Medieval heroes in Japanese-like high schools. Incestuous misrepresentation. Horrible lyrics. Plagiarism. Impious pornography. Pitiful fantasies. Unguided criticism. A doglike mind of both likeness and ideas.

Horror! Horror! This is where we ended up. Grab yourself a bottle, drink to this loss; I, too, will join you, though I can never drink while on duty.

_The One._ ...are you done?

_Anna._ ...

_The One._ You know what I think? I think that your whole ramble on wanting the greatest fanfiction made, or what you call, 'creative response,' is nothing but hot air. What do you gain by shaking your fist at everything that is and will be? Pretentious! You sound like a god damn hipster! You came down those stairs as if wearing a garish plaid shirt, fishing overalls, army boots, and 3-D glasses. Nothing but a homeless trickster. I've been standing in the shadows since I can remember and saw you come down those stairs and I heard your entire speech from beginning to end. Pretentious! Filled with precautions! There's no precaution in this. Everyone knows what they want on here or elsewhere. It's everything from the size of the ant to the size of the universe, a red dot on a white sweater: it cannot be missed. They come and go, pay in time, and you should give them what they want: escapism. The pleasure and satisfaction they receive is a drug of letting them forget _(takes a long pause, sucking its cigarette, letting out another large cloud of smoke)_ beyond this place: the cruel ways of Man. They're in it for the kick, and if you present them with this nonsense, they will leave you and tell their friends that you and your story...
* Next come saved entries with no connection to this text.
lemma Z_star_le_W_star:
  assumes "1 \<le> k" "n \<le> k - 1"
    and x: "\<forall>j\<in>{1..k}. 0 < x j" and w: "\<forall>j\<in>{1..k}. 0 < w j" and a: "\<forall>j\<in>{1..k-1}. 0 < a j"
  shows "0 < Z_star k w a x n \<and> Z_star k w a x n \<le> W_star k w x n"
  using \<open>n \<le> k - 1\<close>
proof (induction n rule: inc_induct)
  case base
  show ?case using assms(1) x w unfolding Z_star_last W_star_last by simp
next
  case (step n)
  define Z where "Z = Z_star k w a x (Suc n)"
  have pos: "0 < x (Suc n)" "0 < w (Suc n)" "0 < a (Suc n)" using step.hyps x w a by auto
  have Z: "0 < Z" "Z \<le> W_star k w x (Suc n)" using step.IH unfolding Z_def by auto
  have "(a (Suc n) + w (Suc n)) * (Z / a (Suc n)) powr (a (Suc n) / (a (Suc n) + w (Suc n)))
      \<le> W_star k w x (Suc n) + w (Suc n)"
    using weighted_powr_le[OF pos(3,2) Z(1)] Z(2) by linarith
  then show ?case
    using step.hyps pos Z(1) unfolding Z_star_step[OF step.hyps(2)] W_star_step[OF step.hyps(2)] Z_def
    by (simp add: divide_right_mono)
qed

section \<open>Geometric discounting\<close>

text \<open>With \<open>q = exp (-\<mu>)\<close>, \<open>discounted_sum q k j = q + q\<^sup>2 + \<dots> + q\<^bsup>k-j\<^esup>\<close>; its logarithm is
  the location \<open>\<mu>\<^sub>j\<close> of \<open>log Z\<^sub>j\<^sup>*\<close>, and \<open>discount_weight q k j i\<close> is the weight of the
  centred log-return of period \<open>i + 1\<close> in \<open>log Z\<^sub>j\<^sup>*\<close>.\<close>
definition discounted_sum :: "real \<Rightarrow> nat \<Rightarrow> nat \<Rightarrow> real" where
  "discounted_sum q k j = q * (q ^ k - q ^ j) / (q ^ j * (q - 1))"

definition discount_weight :: "real \<Rightarrow> nat \<Rightarrow> nat \<Rightarrow> nat \<Rightarrow> real" where
  "discount_weight q k j i = (q ^ k - q ^ i) / (q ^ k - q ^ j)"

lemma power_diff_div_pos:
  fixes q :: real
  assumes "0 < q" "q \<noteq> 1" "j < k"
  shows "0 < (q ^ k - q ^ j) / (q - 1)"
proof (cases "q < 1")
  case True
  then have "q ^ k < q ^ j" using assms by simp
  with True show ?thesis by (simp add: divide_neg_neg)
next
  case False
  then have "1 < q" using assms(2) by simp
  then have "q ^ j < q ^ k" using assms by simp
  with \<open>1 < q\<close> show ?thesis by simp
qed

lemma discounted_sum_pos:
  fixes q :: real
  assumes "0 < q" "q \<noteq> 1" "j < k"
  shows "0 < discounted_sum q k j"
proof -
  have "discounted_sum q k j = q / q ^ j * ((q ^ k - q ^ j) / (q - 1))"
    unfolding discounted_sum_def by simp
  also have "0 < \<dots>" using power_diff_div_pos[OF assms] assms(1) by (intro mult_pos_pos) auto
  finally show ?thesis .
qed

lemma discounted_sum_Suc_plus_one:
  fixes q :: real
  assumes "0 < q" "q \<noteq> 1"
  shows "discounted_sum q k (Suc n) + 1 = (q ^ k - q ^ n) / (q ^ n * (q - 1))"
proof -
  have nz: "q ^ n * (q - 1) \<noteq> 0" using assms by simp
  have "discounted_sum q k (Suc n) = (q ^ k - q ^ Suc n) / (q ^ n * (q - 1))"
    using assms unfolding discounted_sum_def by (simp add: mult.assoc)
  then show ?thesis using nz by (simp add: add_divide_eq_iff algebra_simps)
qed

lemma discounted_sum_Suc:
  fixes q :: real
  assumes "0 < q" "q \<noteq> 1"
  shows "discounted_sum q k n = q * (discounted_sum q k (Suc n) + 1)"
  unfolding discounted_sum_Suc_plus_one[OF assms] by (simp add: discounted_sum_def)

lemma discount_weight_self:
  "0 < q \<Longrightarrow> q \<noteq> 1 \<Longrightarrow> j < k \<Longrightarrow> discount_weight q k j j = 1"
  using power_diff_div_pos[of q j k] unfolding discount_weight_def by auto

lemma discount_weight_pos:
  assumes "0 < q" "q \<noteq> 1" "i < k" "j < k"
  shows "0 < discount_weight q k j i"
proof -
  have "discount_weight q k j i = ((q ^ k - q ^ i) / (q - 1)) / ((q ^ k - q ^ j) / (q - 1))"
    using assms(2) unfolding discount_weight_def by simp
  also have "0 < \<dots>"
    using power_diff_div_pos[OF assms(1,2,3)] power_diff_div_pos[OF assms(1,2,4)] by (rule divide_pos_pos)
  finally show ?thesis .
qed

lemma discount_weight_Suc:
  fixes q :: real
  assumes "0 < q" "q \<noteq> 1" "Suc n < k"
  shows "discounted_sum q k (Suc n) / (discounted_sum q k (Suc n) + 1) * discount_weight q k (Suc n) i
       = discount_weight q k n i"
proof -
  have nz: "q ^ n * (q - 1) \<noteq> 0" "q ^ k - q ^ n \<noteq> 0" "q ^ k - q ^ Suc n \<noteq> 0"
    using power_diff_div_pos[of q n k] power_diff_div_pos[of q "Suc n" k] assms by auto
  have "discounted_sum q k (Suc n) = (q ^ k - q ^ Suc n) / (q ^ n * (q - 1))"
    using assms unfolding discounted_sum_def by (simp add: mult.assoc)
  then have "discounted_sum q k (Suc n) / (discounted_sum q k (Suc n) + 1) = (q ^ k - q ^ Suc n) / (q ^ k - q ^ n)"
    using nz(1) unfolding discounted_sum_Suc_plus_one[OF assms(1,2)] by simp
  then show ?thesis using nz(3) unfolding discount_weight_def by simp
qed

lemma discounted_sum_last:
  fixes q :: real
  assumes "0 < q" "q \<noteq> 1" "1 \<le> k"
  shows "discounted_sum q k (k - 1) = q"
  using discounted_sum_Suc[OF assms(1,2), of k "k - 1"] assms(3) by (simp add: discounted_sum_def)

lemma ln_Z_star_discounted_step:
  fixes \<mu> :: real
  defines "q \<equiv> exp (-\<mu>)"
  assumes "\<mu> \<noteq> 0" "Suc n < k" "0 < x (Suc n)"
    and a: "a (Suc n) = discounted_sum q k (Suc n)"
    and Z_pos: "0 < Z_star k (\<lambda>_. 1) a x (Suc n)"
    and Z: "ln (Z_star k (\<lambda>_. 1) a x (Suc n)) = ln (discounted_sum q k (Suc n))
              - (\<Sum>i\<in>{Suc n..<k}. discount_weight q k (Suc n) i * (y i - \<mu>))"
    and x: "ln (x (Suc n)) = y n"
  shows "ln (Z_star k (\<lambda>_. 1) a x n) = ln (discounted_sum q k n)
           - (\<Sum>i\<in>{n..<k}. discount_weight q k n i * (y i - \<mu>))"
proof -
  have q: "0 < q" "q \<noteq> 1" using assms(2) unfolding q_def by auto
  define A where "A = discounted_sum q k (Suc n)"
  have A_pos: "0 < A" unfolding A_def using discounted_sum_pos q \<open>Suc n < k\<close> by blast
  have "ln (Z_star k (\<lambda>_. 1) a x n)
      = ln (A + 1) + A / (A + 1) * (ln (Z_star k (\<lambda>_. 1) a x (Suc n)) - ln A) - y n"
    using ln_Z_star_step[of n k x a "\<lambda>_. 1"] assms A_pos unfolding A_def by simp
  also have "\<dots> = ln (A + 1) - (\<Sum>i\<in>{Suc n..<k}. discount_weight q k n i * (y i - \<mu>)) - y n"
  proof -
    have "A / (A + 1) * (\<Sum>i\<in>{Suc n..<k}. discount_weight q k (Suc n) i * (y i - \<mu>))
        = (\<Sum>i\<in>{Suc n..<k}. discount_weight q k n i * (y i - \<mu>))"
      unfolding sum_distrib_left A_def discount_weight_Suc[OF q \<open>Suc n < k\<close>, symmetric]
      by (simp add: mult.assoc)
    then show ?thesis using Z unfolding A_def by simp
  qed
  also have "ln (A + 1) = ln (discounted_sum q k n) + \<mu>"
    using A_pos q unfolding discounted_sum_Suc[OF q, of k n] A_def by (simp add: ln_mult q_def)
  also have "y n = (\<Sum>i\<in>{n..<k}. discount_weight q k n i * (y i - \<mu>))
                   - (\<Sum>i\<in>{Suc n..<k}. discount_weight q k n i * (y i - \<mu>)) + \<mu>"
    using \<open>Suc n < k\<close> discount_weight_self[OF q, of n k] by (simp add: sum.atLeast_Suc_lessThan)
  finally show ?thesis by simp
qed

definition log_return :: "(real \<Rightarrow> 'a \<Rightarrow> real) \<Rightarrow> nat \<Rightarrow> 'a \<Rightarrow> real" where
  "log_return X i \<omega> = ln (X (real (Suc i)) \<omega>) - ln (X (real i) \<omega>)"

lemma stable_wealth_process_returns_pos:
  "stable_wealth_process M X \<alpha> \<beta> \<sigma> \<mu> \<Longrightarrow> \<omega> \<in> space M \<Longrightarrow> 0 < returns X real \<omega> j"
  unfolding stable_wealth_process_def returns_def by simp

lemma stable_wealth_process_ln_returns:
  assumes "stable_wealth_process M X \<alpha> \<beta> \<sigma> \<mu>" "\<omega> \<in> space M"
  shows "ln (returns X real \<omega> (Suc i)) = log_return X i \<omega>"
proof -
  have "0 < X (real i) \<omega>" "0 < X (real (Suc i)) \<omega>"
    using assms unfolding stable_wealth_process_def by simp_all
  then show ?thesis unfolding returns_def log_return_def by (simp add: ln_div)
qed

lemma stable_wealth_process_log_return_indep:
  assumes "stable_wealth_process M X \<alpha> \<beta> \<sigma> \<mu>"
  shows "prob_space.indep_vars M (\<lambda>_. borel) (log_return X) {..<n}"
proof -
  have "\<forall>(n::nat) (ts::nat \<Rightarrow> real). (\<forall>i\<le>n. 0 \<le> ts i) \<and> (\<forall>i<n. ts i < ts (Suc i)) \<longrightarrow>
      prob_space.indep_vars M (\<lambda>_. borel) (\<lambda>i \<omega>. ln (X (ts (Suc i)) \<omega>) - ln (X (ts i) \<omega>)) {..<n}"
    using assms unfolding stable_wealth_process_def by blast
  from this[rule_format, of n real] show ?thesis unfolding log_return_def by simp
qed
_Anna. (correcting him)_...not mine. His.

_The One._ Whatever. You and 'his' story, will be labeled as junk, a hipster trying to become a Joycean or Wellesian figure trying to make 'The Greatest Story Ever.'

_Anna. (expressing heavenly patience)_ So you think that by writing senseless yaoi, that he and I will become acceptable?

_The One. _Thought, not write. There's a difference. This is not real _(points to the stage)._

_Anna. (points beyond the room)_ And that is?
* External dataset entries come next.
definition poset_iso :: "'p set \<Rightarrow> ('p \<Rightarrow> 'p \<Rightarrow> bool) \<Rightarrow> 'q set \<Rightarrow> ('q \<Rightarrow> 'q \<Rightarrow> bool) \<Rightarrow> bool" where
  "poset_iso P le Q le' \<longleftrightarrow> (\<exists>f. bij_betw f P Q \<and> (\<forall>x\<in>P. \<forall>y\<in>P. le x y \<longleftrightarrow> le' (f x) (f y)))"

end

theory Submission
  imports Defs
begin

text \<open>
  For a graph without loops and triangles, the atoms of \<open>B\<^sub>0(X)\<close> are the edges \<open>{{a},{b}}\<close>,
  and two atoms have an upper bound lying above no third atom exactly when the edges share a
  vertex. Call an element a star if all atoms below it pairwise share a vertex; the stars are
  then the pairs \<open>{{u},T}\<close> with \<open>T \<subseteq> N(u)\<close>. The vertex stars \<open>{{v},N(v)}\<close> are recognised
  order-theoretically: they are the maximal stars together with the atoms lying below at most
  one maximal star (the stars of leaves). Two vertices are adjacent iff their vertex stars lie
  above a common atom. The map \<open>v \<mapsto> {{v},N(v)}\<close> is injective except that both ends of an
  isolated edge have the same star, and these stars are exactly the maximal atoms. A poset
  isomorphism thus matches vertex stars with fibres of equal size and preserves the common-atom
  relation, which yields a graph isomorphism.
\<close>

definition is_atom :: "'p set \<Rightarrow> ('p \<Rightarrow> 'p \<Rightarrow> bool) \<Rightarrow> 'p \<Rightarrow> bool" where
  "is_atom P le x \<longleftrightarrow> x \<in> P \<and> (\<forall>y\<in>P. le y x \<longrightarrow> y = x)"

definition adjacent_atoms :: "'p set \<Rightarrow> ('p \<Rightarrow> 'p \<Rightarrow> bool) \<Rightarrow> 'p \<Rightarrow> 'p \<Rightarrow> bool" where
  "adjacent_atoms P le x y \<longleftrightarrow> is_atom P le x \<and> is_atom P le y \<and> x \<noteq> y \<and>
     (\<exists>b\<in>P. le x b \<and> le y b \<and> (\<forall>z\<in>P. is_atom P le z \<longrightarrow> le z b \<longrightarrow> z = x \<or> z = y))"

definition is_star :: "'p set \<Rightarrow> ('p \<Rightarrow> 'p \<Rightarrow> bool) \<Rightarrow> 'p \<Rightarrow> bool" where
  "is_star P le a \<longleftrightarrow> a \<in> P \<and> (\<forall>x\<in>P. \<forall>y\<in>P. is_atom P le x \<longrightarrow> is_atom P le y \<longrightarrow>
     le x a \<longrightarrow> le y a \<longrightarrow> x \<noteq> y \<longrightarrow> adjacent_atoms P le x y)"

definition is_max_star :: "'p set \<Rightarrow> ('p \<Rightarrow> 'p \<Rightarrow> bool) \<Rightarrow> 'p \<Rightarrow> bool" where
  "is_max_star P le a \<longleftrightarrow> is_star P le a \<and> (\<forall>b\<in>P. is_star P le b \<longrightarrow> le a b \<longrightarrow> b = a)"

definition is_vertex_star :: "'p set \<Rightarrow> ('p \<Rightarrow> 'p \<Rightarrow> bool) \<Rightarrow> 'p \<Rightarrow> bool" where
  "is_vertex_star P le a \<longleftrightarrow> is_max_star P le a \<or>
     (is_atom P le a \<and> \<not> (\<exists>b\<in>P. \<exists>c\<in>P. is_max_star P le b \<and> is_max_star P le c \<and> b \<noteq> c \<and> le a b \<and> le a c))"

definition is_maximal_atom :: "'p set \<Rightarrow> ('p \<Rightarrow> 'p \<Rightarrow> bool) \<Rightarrow> 'p \<Rightarrow> bool" where
  "is_maximal_atom P le a \<longleftrightarrow> is_atom P le a \<and> (\<forall>b\<in>P. le a b \<longrightarrow> b = a)"

definition share_atom :: "'p set \<Rightarrow> ('p \<Rightarrow> 'p \<Rightarrow> bool) \<Rightarrow> 'p \<Rightarrow> 'p \<Rightarrow> bool" where
  "share_atom P le x y \<longleftrightarrow> (\<exists>a\<in>P. is_atom P le a \<and> le a x \<and> le a y)"

lemma is_starD:
  "is_star P le a \<Longrightarrow> is_atom P le x \<Longrightarrow> is_atom P le y \<Longrightarrow> le x a \<Longrightarrow> le y a \<Longrightarrow> x \<noteq> y
    \<Longrightarrow> adjacent_atoms P le x y"
  unfolding is_star_def is_atom_def by blast

lemma maximal_atom_is_max_star: "is_maximal_atom P le a \<Longrightarrow> is_max_star P le a"
  unfolding is_maximal_atom_def is_max_star_def is_star_def is_atom_def by auto

locale order_isomorphism =
  fixes P :: "'p set" and le :: "'p \<Rightarrow> 'p \<Rightarrow> bool"
    and Q :: "'q set" and le' :: "'q \<Rightarrow> 'q \<Rightarrow> bool" and \<phi> :: "'p \<Rightarrow> 'q"
  assumes bij: "bij_betw \<phi> P Q" and le_iff: "\<forall>x\<in>P. \<forall>y\<in>P. le x y \<longleftrightarrow> le' (\<phi> x) (\<phi> y)"
begin

lemma image_eq: "Q = \<phi> ` P"
  using bij by (simp add: bij_betw_def)

lemma eq_iff: "x \<in> P \<Longrightarrow> y \<in> P \<Longrightarrow> \<phi> x = \<phi> y \<longleftrightarrow> x = y"
  using bij by (auto simp: bij_betw_def inj_on_def)

lemma is_atom_iff: "x \<in> P \<Longrightarrow> is_atom Q le' (\<phi> x) \<longleftrightarrow> is_atom P le x"
  unfolding is_atom_def image_eq using le_iff eq_iff by auto

lemma adjacent_atoms_iff:
  "x \<in> P \<Longrightarrow> y \<in> P \<Longrightarrow> adjacent_atoms Q le' (\<phi> x) (\<phi> y) \<longleftrightarrow> adjacent_atoms P le x y"
  unfolding adjacent_atoms_def image_eq using le_iff eq_iff is_atom_iff[unfolded image_eq] by (auto 0 3)

lemma is_star_iff: "x \<in> P \<Longrightarrow> is_star Q le' (\<phi> x) \<longleftrightarrow> is_star P le x"
  unfolding is_star_def image_eq
  using le_iff eq_iff is_atom_iff[unfolded image_eq] adjacent_atoms_iff[unfolded image_eq] by auto

lemma is_max_star_iff: "x \<in> P \<Longrightarrow> is_max_star Q le' (\<phi> x) \<longleftrightarrow> is_max_star P le x"
  unfolding is_max_star_def image_eq using le_iff eq_iff is_star_iff[unfolded image_eq] by auto

lemma is_vertex_star_iff: "x \<in> P \<Longrightarrow> is_vertex_star Q le' (\<phi> x) \<longleftrightarrow> is_vertex_star P le x"
  unfolding is_vertex_star_def image_eq
  using le_iff eq_iff is_atom_iff[unfolded image_eq] is_max_star_iff[unfolded image_eq] by auto

lemma is_maximal_atom_iff: "x \<in> P \<Longrightarrow> is_maximal_atom Q le' (\<phi> x) \<longleftrightarrow> is_maximal_atom P le x"
  unfolding is_maximal_atom_def image_eq using le_iff eq_iff is_atom_iff[unfolded image_eq] by auto

lemma share_atom_iff: "x \<in> P \<Longrightarrow> y \<in> P \<Longrightarrow> share_atom Q le' (\<phi> x) (\<phi> y) \<longleftrightarrow> share_atom P le x y"
  unfolding share_atom_def image_eq using le_iff is_atom_iff[unfolded image_eq] by auto

lemma image_vertex_stars: "\<phi> ` {x\<in>P. is_vertex_star P le x} = {y\<in>Q. is_vertex_star Q le' y}"
  unfolding image_eq using is_vertex_star_iff[unfolded image_eq] by auto

end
_The One._ Nothing means everything, Anna; you should know that. Hyperreality, virtual reality, and regular reality, dimensions upon dimensions, are all the same. They express nothing: all meaningless. Everything is mechanical and derivative, coming from one source. We are all the same.

_Anna. (disturbed and somewhat annoyed, confusedly) _Yes and no.
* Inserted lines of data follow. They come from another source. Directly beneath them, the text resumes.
lemma h_pos: "j \<le> s \<Longrightarrow> 0 < h j"
  using h0_pos h_mono[of 0 j] by simp

lemma clip_pos: "j \<le> s \<Longrightarrow> 0 < clip h j x"
  using h_pos[of "j - 1"] unfolding clip_def by (simp add: less_max_iff_disj)

lemma ln_clip_mono: "x \<le> y \<Longrightarrow> j \<le> s \<Longrightarrow> ln (clip h j x) \<le> ln (clip h j y)"
  using clip_mono[of x y h j] clip_pos[of j] by simp

lemma ln_clip_telescope:
  "m \<le> s \<Longrightarrow> (\<Sum>j=1..m. ln (clip h j x) - ln (h (j - 1))) = ln (min (max x (h 0)) (h m)) - ln (h 0)"
proof (induction m)
  case 0
  then show ?case by simp
next
  case (Suc m)
  have "h m \<le> h (Suc m)" "h 0 \<le> h m"
    using Suc.prems h_mono by auto
  then have "ln (min (max x (h 0)) (h m)) + (ln (clip h (Suc m) x) - ln (h m))
             = ln (min (max x (h 0)) (h (Suc m)))"
    unfolding clip_def by (cases "x \<le> h m") auto
  then show ?case using Suc by simp
qed

lemma ln_clip_increments:
  assumes "h 0 \<le> x" "x \<le> y" "y \<le> h s"
  shows "(\<Sum>j=1..s. ln (clip h j y) - ln (clip h j x)) = ln y - ln x"
proof -
  have "(\<Sum>j=1..s. ln (clip h j y) - ln (clip h j x)) =
        (\<Sum>j=1..s. ln (clip h j y) - ln (h (j - 1))) - (\<Sum>j=1..s. ln (clip h j x) - ln (h (j - 1)))"
    by (simp add: sum_subtractf)
  also have "\<dots> = ln y - ln x"
    using ln_clip_telescope[of s y] ln_clip_telescope[of s x] assms by simp
  finally show ?thesis .
qed

text \<open>Phases before i contribute
  nothing, and later phases carry the weight 1/ln(1 + k j) \<ge> 1/ln(1 + k i).\<close>
lemma potential_increment:
  assumes i: "1 \<le> i" "i \<le> s" "x \<le> h i" and below: "\<And>j. 1 \<le> j \<Longrightarrow> j < i \<Longrightarrow> h j < x"
    and xy: "h 0 \<le> x" "x \<le> y" "y \<le> h s"
  shows "(ln y - ln x) / ln (1 + k i) \<le> potential h k s y - potential h k s x"
proof -
  let ?d = "\<lambda>j. ln (clip h j y) - ln (clip h j x)"
  have "(ln y - ln x) / ln (1 + k i) = (\<Sum>j=1..s. ?d j / ln (1 + k i))"
    using ln_clip_increments[OF xy] by (simp add: sum_divide_distrib[symmetric])
  also have "\<dots> \<le> (\<Sum>j=1..s. ?d j / ln (1 + k j))"
  proof (rule sum_mono)
    fix j assume j: "j \<in> {1..s}"
    show "?d j / ln (1 + k i) \<le> ?d j / ln (1 + k j)"
    proof (cases "j < i")
      case True
      then have "h (j - 1) \<le> h j" "h j < x"
        using below j h_mono by auto
      then have "clip h j x = h j" "clip h j y = h j"
        using xy unfolding clip_def by auto
      then show ?thesis by simp
    next
      case False
      have "0 \<le> ?d j"
        using ln_clip_mono[of x y j] xy j by simp
      moreover have "0 < k j" "k j \<le> k i"
        using k_pos k_antimono[of i j] False i j by auto
      ultimately show ?thesis
        by (intro divide_left_mono) auto
    qed
  qed
  also have "\<dots> = potential h k s y - potential h k s x"
    unfolding potential_def sum_subtractf[symmetric] by (simp add: diff_divide_distrib)
  finally show ?thesis .
qed

lemma potential_mono: "x \<le> y \<Longrightarrow> potential h k s x \<le> potential h k s y"
  unfolding potential_def
proof (intro sum_mono divide_right_mono)
  fix j assume "x \<le> y" "j \<in> {1..s}"
  then show "ln (clip h j x) - ln (h (j - 1)) \<le> ln (clip h j y) - ln (h (j - 1))"
    and "0 \<le> ln (1 + k j)"
    using ln_clip_mono[of x y j] k_pos[of j] by auto
qed

lemma potential_h0: "potential h k s (h 0) = 0"
  unfolding potential_def
proof (intro sum.neutral ballI)
  fix j assume j: "j \<in> {1..s}"
  then have "clip h j (h 0) = h (j - 1)"
    using h_mono[of 0 "j - 1"] h_mono[of 0 j] unfolding clip_def by auto
  then show "(ln (clip h j (h 0)) - ln (h (j - 1))) / ln (1 + k j) = 0" by simp
qed

lemma potential_hs: "potential h k s (h s) = (\<Sum>j=1..s. ln (h j / h (j - 1)) / ln (1 + k j))"
  unfolding potential_def
proof (rule sum.cong[OF refl])
  fix j assume j: "j \<in> {1..s}"
  then have "clip h j (h s) = h j"
    using h_mono[of j s] h_mono[of "j - 1" j] unfolding clip_def by auto
  moreover have "0 < h j" "0 < h (j - 1)"
    using h_pos[of j] h_pos[of "j - 1"] j by auto
  ultimately show "(ln (clip h j (h s)) - ln (h (j - 1))) / ln (1 + k j) = ln (h j / h (j - 1)) / ln (1 + k j)"
    by (simp add: ln_div)
qed

lemma phase_of:
  assumes "1 \<le> s" "x \<le> h s"
  obtains i where "1 \<le> i" "i \<le> s" "x \<le> h i" "\<And>j. 1 \<le> j \<Longrightarrow> j < i \<Longrightarrow> h j < x"
proof -
  define P where "P i \<longleftrightarrow> 1 \<le> i \<and> x \<le> h i" for i
  have "P s" using assms unfolding P_def by simp
  then have "P (Least P)" "Least P \<le> s"
    by (auto intro: LeastI Least_le)
  moreover have "h j < x" if "1 \<le> j" "j < Least P" for j
    using not_less_Least[OF that(2)] that(1) unfolding P_def by simp
  ultimately show ?thesis using that unfolding P_def by blast
qed

section \<open>Reaching more than h s nodes\<close>

text \<open>One flooding round gains at least 1 in potential, as long as the informed
  set stays within h s nodes: the set lies in some phase i, grows by the factor
  1 + k i, and the increment bound converts this into a gain of ln(1 + k i)/ln(1 + k i).\<close>
lemma potential_round_gain:
  assumes s: "1 \<le> s" and h0: "h 0 \<le> 1"
    and exp: "\<And>i. 1 \<le> i \<Longrightarrow> i \<le> s \<Longrightarrow> expander n E (h i) (k i)"
    and I: "I \<subseteq> {1..n}" "I \<noteq> {}"
    and top: "real (card (I \<union> nbhd n E I)) \<le> h s"
  shows "potential h k s (real (card I)) + 1 \<le> potential h k s (real (card (I \<union> nbhd n E I)))"
proof -
  define x where "x = real (card I)"
  define y where "y = real (card (I \<union> nbhd n E I))"
  have "0 < card I"
    using I finite_subset card_gt_0_iff by blast
  then have x_ge_1: "1 \<le> x"
    unfolding x_def by simp
  have "finite (I \<union> nbhd n E I)"
    using I(1) finite_subset unfolding nbhd_def by auto
  then have "x \<le> y"
    unfolding x_def y_def by (simp add: card_mono)
  then have "x \<le> h s"
    using top unfolding y_def by linarith
  then obtain i where i: "1 \<le> i" "i \<le> s" "x \<le> h i" "\<And>j. 1 \<le> j \<Longrightarrow> j < i \<Longrightarrow> h j < x"
    using phase_of[OF s] by blast
  have k: "0 < k i"
    using k_pos i by auto
  have grow: "(1 + k i) * x \<le> y"
    using expansion_round[OF exp[OF i(1,2)] I(1)] i(3) unfolding x_def y_def by simp
  have "ln (1 + k i) + ln x = ln ((1 + k i) * x)"
    using k x_ge_1 by (simp add: ln_mult)
  also have "\<dots> \<le> ln y"
  proof -
    have "0 < (1 + k i) * x"
      using k x_ge_1 by simp
    then show ?thesis
      using grow by simp
  qed
  finally have "1 \<le> (ln y - ln x) / ln (1 + k i)"
    using k by simp
  also have "\<dots> \<le> potential h k s y - potential h k s x"
    using potential_increment[OF i] x_ge_1 h0 \<open>x \<le> y\<close> top unfolding y_def by simp
  finally show ?thesis
    unfolding x_def y_def by simp
qed

lemma rounds_bounded_by_potential:
  assumes s: "1 \<le> s" and h0: "h 0 \<le> 1" and v: "v \<in> {1..n}"
    and exp: "\<And>t i. 1 \<le> i \<Longrightarrow> i \<le> s \<Longrightarrow> expander n (G t) (h i) (k i)"
  shows "(\<forall>j\<le>m. real (card (flood_from n G {v} j)) \<le> h s)
         \<longrightarrow> real m \<le> potential h k s (real (card (flood_from n G {v} m)))"
proof (induction m)
  case 0
  show ?case
    using potential_mono[of "h 0" 1] potential_h0 h0 by simp
next
  case (Suc m)
  let ?I = "flood_from n G {v} m"
  show ?case
  proof
    assume small: "\<forall>j\<le>Suc m. real (card (flood_from n G {v} j)) \<le> h s"
    have I: "?I \<subseteq> {1..n}" "?I \<noteq> {}"
      using v flood_from_subset[of "{v}" n G m] flood_from_mono_time[of 0 m n G "{v}"] by auto
    have next_round: "flood_from n G {v} (Suc m) = ?I \<union> nbhd n (G m) ?I"
      by simp
    have "real (card (flood_from n G {v} (Suc m))) \<le> h s"
      using small by blast
    then have gain: "potential h k s (real (card ?I)) + 1
                       \<le> potential h k s (real (card (flood_from n G {v} (Suc m))))"
      unfolding next_round using potential_round_gain[OF s h0 exp I] by blast
    have "\<forall>j\<le>m. real (card (flood_from n G {v} j)) \<le> h s"
      using small by simp
    with Suc.IH have "real m \<le> potential h k s (real (card ?I))"
      by (rule mp)
    with gain show "real (Suc m) \<le> potential h k s (real (card (flood_from n G {v} (Suc m))))"
      by linarith
  qed
qed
_The One. _Yes and yes and yes. All come from the same point; therefore, originality is dead, and most importantly, that I am right...yet again.

_Anna. (abruptly)_ But the story...

_The One. (amused)_ And?

_Anna._ Um...

_The One._ Go on.

_Anna. (calmly)_ The story is his idea. Not yours.

_The One._ _(more amused)_ Is that so? Elaborate.

_Anna._ He came up with the idea that the universe comes from one point, and because of it, we're all the same; you just repeated it. That's the rule. A fact. We're here, standing face to face, talking and exchanging words. We were meant to meet each other. We were meant to have this conversation. We were born from his mind but he, too, was born from another, and that person from another, and that person from another. Put a mirror in front of another mirror, and tell me, what do you get?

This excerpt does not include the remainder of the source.